(* Let $c\in\mathbb{C}\setminus\{0\}$ and let $\mathbf{U}_0(\lambda;x,t)$, $\mu^{[22]}$, $\nu^{[22]}$ be as defined below. Let $\psi_1:\mathbb{R}\to\mathbb{C}$ be such that the integrals defining $$C_\mu(\lambda)=\frac1\pi\Im\Big\{\int_{\mathbb{R}}\psi_1(y)\nu^{[22]}(\lambda;y,0)^*dy\Big\},\qquad C_\nu(\lambda)=-\frac1\pi\Im\Big\{\int_{\mathbb{R}}\psi_1(y)\mu^{[22]}(\lambda;y,0)^*dy\Big\}$$ exist for a.e. $\lambda\in\mathbb{R}$ and $C_\mu,C_\nu\in L^1(\mathbb{R})$. Then $$\psi_1^{\mathbb{R}}(x,t):=\int_{\mathbb{R}}\big(C_\mu(\lambda)\mu^{[22]}(\lambda;x,t)+C_\nu(\lambda)\nu^{[22]}(\lambda;x,t)\big)d\lambda$$ is uniformly bounded for $(x,t)\in\mathbb{R}^2$.
   Context: $\sigma_2=\begin{bmatrix}0&-\mathrm{i}\\\mathrm{i}&0\end{bmatrix}$, $\sigma_3=\mathrm{diag}(1,-1)$. $\rho(\lambda)$: branch of $\sqrt{\lambda^2+1}$ analytic off $[-\mathrm{i},\mathrm{i}]$ with $\rho\sim\lambda$ (real for real $\lambda\neq0$); $n(\lambda)$ analytic off $[-\mathrm{i},\mathrm{i}]$ with $n^2=(\lambda+\rho)/(2\rho)$, $n\to1$; $\mathbf{E}(\lambda)=n\begin{bmatrix}1&\mathrm{i}(\lambda-\rho)\\\mathrm{i}(\lambda-\rho)&1\end{bmatrix}$. Peregrine data: $\mathbf{s}=(c,-c)^\top$, $N=2|c|^2$, $w(x,t)=-2c^2(x+\mathrm{i}t)$, $\mathbf{Y}(x,t)=\big[4(1-w^* )\mathbf{s}\mathbf{s}^\top\sigma_2+2\mathrm{i}N\sigma_2\mathbf{s}^*\mathbf{s}^\top\sigma_2\big]/(4|1-w|^2+N^2)$, $\mathbf{G}(\lambda;x,t)=\mathbb{I}+\mathbf{Y}/(\lambda-\mathrm{i})+\sigma_2\mathbf{Y}^*\sigma_2/(\lambda+\mathrm{i})$. Then $\psi_0=1+2\mathrm{i}(Y_{12}-Y_{21}^* )$ is the Peregrine breather $1-4\frac{1+2\mathrm{i}(t-t_0)}{1+4(x-x_0)^2+4(t-t_0)^2}$ with $x_0=-\Re c^2/(2|c|^4)$, $t_0=\Im c^2/(2|c|^4)$, and $\mathbf{U}_0(\lambda;x,t):=\mathbf{G}(\lambda;x,t)\mathbf{E}(\lambda)e^{-\mathrm{i}\rho(\lambda)(x+\lambda t)\sigma_3}$, $\lambda\in\mathbb{R}\setminus\{0\}$, is a simultaneous fundamental solution of its Lax pair. Let $\mathbf{u}^{[2]}=(u^{[2]}_1,u^{[2]}_2)^\top$ be the second column of $\mathbf{U}_0$, and $\mu^{[22]}(\lambda;x,t)=(u^{[2]}_1)^2-((u^{[2]}_2)^* )^2$, $\nu^{[22]}(\lambda;x,t)=\mathrm{i}(u^{[2]}_1)^2+\mathrm{i}((u^{[2]}_2)^* )^2$; these solve the linearized NLS equation $\mathrm{i}\psi_{1t}+\frac12\psi_{1xx}+(2|\psi_0|^2-1)\psi_1+\psi_0^2\psi_1^*=0$ about $\psi_0$. *)

theory Defs
  imports "HOL-Analysis.Analysis"
begin

text \<open>2x2 complex matrices as complex^2^2; rows/columns indexed by 1 and 2.\<close>

definition mat2 :: "complex \<Rightarrow> complex \<Rightarrow> complex \<Rightarrow> complex \<Rightarrow> complex^2^2" where
  "mat2 a b c d = (\<chi> i j. if i = 1 then (if j = 1 then a else b) else (if j = 1 then c else d))"

definition vec2 :: "complex \<Rightarrow> complex \<Rightarrow> complex^2" where
  "vec2 a b = (\<chi> i. if i = 1 then a else b)"

definition smat :: "complex \<Rightarrow> complex^2^2 \<Rightarrow> complex^2^2" where
  "smat k A = (\<chi> i j. k * A$i$j)"

definition mconj :: "complex^2^2 \<Rightarrow> complex^2^2" where
  "mconj A = (\<chi> i j. cnj (A$i$j))"

definition vconj :: "complex^2 \<Rightarrow> complex^2" where
  "vconj v = (\<chi> i. cnj (v$i))"

definition outer :: "complex^2 \<Rightarrow> complex^2 \<Rightarrow> complex^2^2" where
  "outer u v = (\<chi> i j. u$i * v$j)"

definition sigma2 :: "complex^2^2" where
  "sigma2 = mat2 0 (-\<i>) \<i> 0"

text \<open>rho on the real line: branch of sqrt(l^2+1) with rho ~ l, real for real l /= 0\<close>
definition rho :: "real \<Rightarrow> real" where
  "rho l = sgn l * sqrt (l\<^sup>2 + 1)"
------
* **Problem to solve**
Take the word "Rightarrow" and find each line of the material that contains it. Copy those lines.

* **Solution for this problem**
definition mat2 :: "complex \<Rightarrow> complex \<Rightarrow> complex \<Rightarrow> complex \<Rightarrow> complex^2^2" where
definition vec2 :: "complex \<Rightarrow> complex \<Rightarrow> complex^2" where
definition smat :: "complex \<Rightarrow> complex^2^2 \<Rightarrow> complex^2^2" where
definition mconj :: "complex^2^2 \<Rightarrow> complex^2^2" where
definition vconj :: "complex^2 \<Rightarrow> complex^2" where
definition outer :: "complex^2 \<Rightarrow> complex^2 \<Rightarrow> complex^2^2" where
definition rho :: "real \<Rightarrow> real" where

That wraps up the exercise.